Aunque las ramificaciones para las guerras en América y en el norte de Europa
llevadas a cabo por Carlos I y sus sucesores escapan al espectro de Un torneo interminable, la lectura de
estos capítulos finales permite entenderlas casi como obviedades. La
superioridad legendaria de los tercios de Flandes y el casi inexplicable
recorrido de las tropas españolas por los Andes, Luisiana, California
o Texas, descubriendo las autopistas oceánicas y recorriendo kilómetros
de confín a confín cual ultramaratonistas contemporáneos, se explica por el
bagaje adquirido un siglo antes en tierras castellanas, exportación que, a
diferencia de la legislativa, religiosa, botánica o médica, ha pasado
relativamente inadvertida. La experiencia bélica, nos enseña el autor, es
fundamental incluso dentro de su intrascendencia, o tal vez por ella, para
entender por qué la guerra no es solo una suma de técnicas o una disciplina,
sino un arte que define a las civilizaciones que, conociendo su tradición, la
practican y promueven su desarrollo.
Un
torneo interminable. La guerra en Castilla en el siglo XV
(Madrid: Sílex,
2014), con prólogo de Luis Alberto de Cuenca, es la obra más reciente de
Fernando
Castillo Cáceres
(Madrid, 1953), licenciado en Ciencias Políticas y CC.

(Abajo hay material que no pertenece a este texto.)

lemma NCIFS_imp_bounded_distortion_system:
  assumes "NCIFS X I \<phi> K"
  obtains V where "bounded_distortion_system X V I \<phi> K"
  using assms unfolding NCIFS_def bounded_distortion_system_def by metis

context bounded_distortion_system
begin

lemma cs_conformal:
  assumes "1 \<le> k" "\<forall>l\<in>{k..<k+m}. \<omega> l \<in> I l" "x \<in> V"
  shows "cs \<phi> \<omega> k m x \<in> V \<and> (\<exists>c>0. conformal_at (cs \<phi> \<omega> k m) x c)"
  using assms
proof (induction m arbitrary: k)
  case 0
  have "cs \<phi> \<omega> k 0 x \<in> V" "conformal_at (cs \<phi> \<omega> k 0) x 1"
    using \<open>x \<in> V\<close> conformal_at_id by simp_all
  then show ?case using zero_less_one by blast
next
  case (Suc m)
  let ?y = "cs \<phi> \<omega> (Suc k) m x" and ?p = "\<phi> k (\<omega> k)"
  have "?y \<in> V \<and> (\<exists>c>0. conformal_at (cs \<phi> \<omega> (Suc k) m) x c)"
    using Suc.prems by (intro Suc.IH) auto
  then obtain c where "?y \<in> V" "c > 0" and c: "conformal_at (cs \<phi> \<omega> (Suc k) m) x c"
    by blast
  moreover have "conformal_C1_diffeo V ?p" using Suc.prems by (intro conformal) auto
  ultimately obtain c' where "?p ?y \<in> V" "c' > 0" and c': "conformal_at ?p ?y c'"
    unfolding conformal_C1_diffeo_def conformal_at_def by blast
  have "conformal_at (cs \<phi> \<omega> k (Suc m)) x (c' * c)"
    using conformal_at_compose[OF c c'] by (simp only: cs.simps)
  moreover have "cs \<phi> \<omega> k (Suc m) x \<in> V" using \<open>?p ?y \<in> V\<close> by simp
  ultimately show ?case using \<open>c > 0\<close> \<open>c' > 0\<close> mult_pos_pos by blast
qed

lemma cs_maps_X:
  assumes "1 \<le> k" "\<forall>l\<in>{k..<k+m}. \<omega> l \<in> I l" "x \<in> X"
  shows "cs \<phi> \<omega> k m x \<in> X"
  using assms
proof (induction m arbitrary: k)
  case (Suc m)
  then have "cs \<phi> \<omega> (Suc k) m x \<in> X" by auto
  with Suc.prems maps_X[of k "\<omega> k"] show ?case by auto
qed simp

lemma dnorm_cs_pos:
  assumes "1 \<le> k" "\<forall>l\<in>{k..<k+m}. \<omega> l \<in> I l" "x \<in> V"
  shows "dnorm (cs \<phi> \<omega> k m) x > 0"
  using cs_conformal[OF assms] dnorm_conformal_at by auto

lemma dnorm_cs_distortion:
  assumes "1 \<le> k" "\<forall>l\<in>{k..<k+m}. \<omega> l \<in> I l" "x \<in> V" "y \<in> V"
  shows "dnorm (cs \<phi> \<omega> k m) x \<le> K * dnorm (cs \<phi> \<omega> k m) y"
proof (cases "m = 0")
  case True
  have "dnorm id x = 1" "dnorm id y = 1" by (rule dnorm_conformal_at[OF conformal_at_id])+
  then show ?thesis using True K_ge_1 by simp
qed (use assms distortion in auto)

lemma dnorm_cs_le_Dnorm:
  assumes "1 \<le> k" "\<forall>l\<in>{k..<k+m}. \<omega> l \<in> I l" "x \<in> X"
  shows "dnorm (cs \<phi> \<omega> k m) x \<le> Dnorm X (cs \<phi> \<omega> k m)"
proof -
  obtain y where "y \<in> X" using X_nonempty by auto
  then have "bdd_above ((\<lambda>x. dnorm (cs \<phi> \<omega> k m) x) ` X)"
    using dnorm_cs_distortion[OF assms(1,2)] X_sub_V by (intro bdd_aboveI) auto
  then show ?thesis unfolding Dnorm_def using assms(3) by (rule cSUP_upper2) simp
qed

lemma Dnorm_cs_le_distortion:
  assumes "1 \<le> k" "\<forall>l\<in>{k..<k+m}. \<omega> l \<in> I l" "y \<in> V"
  shows "Dnorm X (cs \<phi> \<omega> k m) \<le> K * dnorm (cs \<phi> \<omega> k m) y"
  unfolding Dnorm_def using X_nonempty X_sub_V dnorm_cs_distortion[OF assms(1,2) _ assms(3)]
  by (intro cSUP_least) auto

lemma Dnorm_cs_pos:
  assumes "1 \<le> k" "\<forall>l\<in>{k..<k+m}. \<omega> l \<in> I l"
  shows "Dnorm X (cs \<phi> \<omega> k m) > 0"
proof -
  obtain y where "y \<in> X" using X_nonempty by auto
  then show ?thesis
    using dnorm_cs_le_Dnorm[OF assms] dnorm_cs_pos[OF assms] X_sub_V by force
qed

lemma Dnorm_map_pos: "1 \<le> k \<Longrightarrow> i \<in> I k \<Longrightarrow> Dnorm X (\<phi> k i) > 0"
  using Dnorm_cs_pos[of k 1 "\<lambda>_. i"] by simp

de la Información, que ha comisariado exposiciones de pintura y fotografía y ha
publicado, entre otras, El Siglo de Tintín (2004), Madrid y el Arte
Nuevo. Vanguardia y arquitectura 1925-1936
(2011) o Noche y niebla en el París ocupado (2012).

 Elena del Río Parra es catedrática del Departamento de
Lengua Moderna y Clásica en la Georgia State University (EE.UU.) desde 2012,
aunque está asociada al mismo desde 2001. Autora de monografías como Materia
médica. Rareza, singularidad y accidente en la España temprano-moderna
, Cartografías
de la conciencia española en la Edad de Oro
o Una era de monstruos:
Representaciones de lo deforme en el Siglo de Oro español
, también ha
escrito artículos y reseñas literarias en revistas y ha editado obras de, entre
otros, Miguel de Cervantes, Sor Juana Inés de la Cruz o Alfredo Bryce
Echenique.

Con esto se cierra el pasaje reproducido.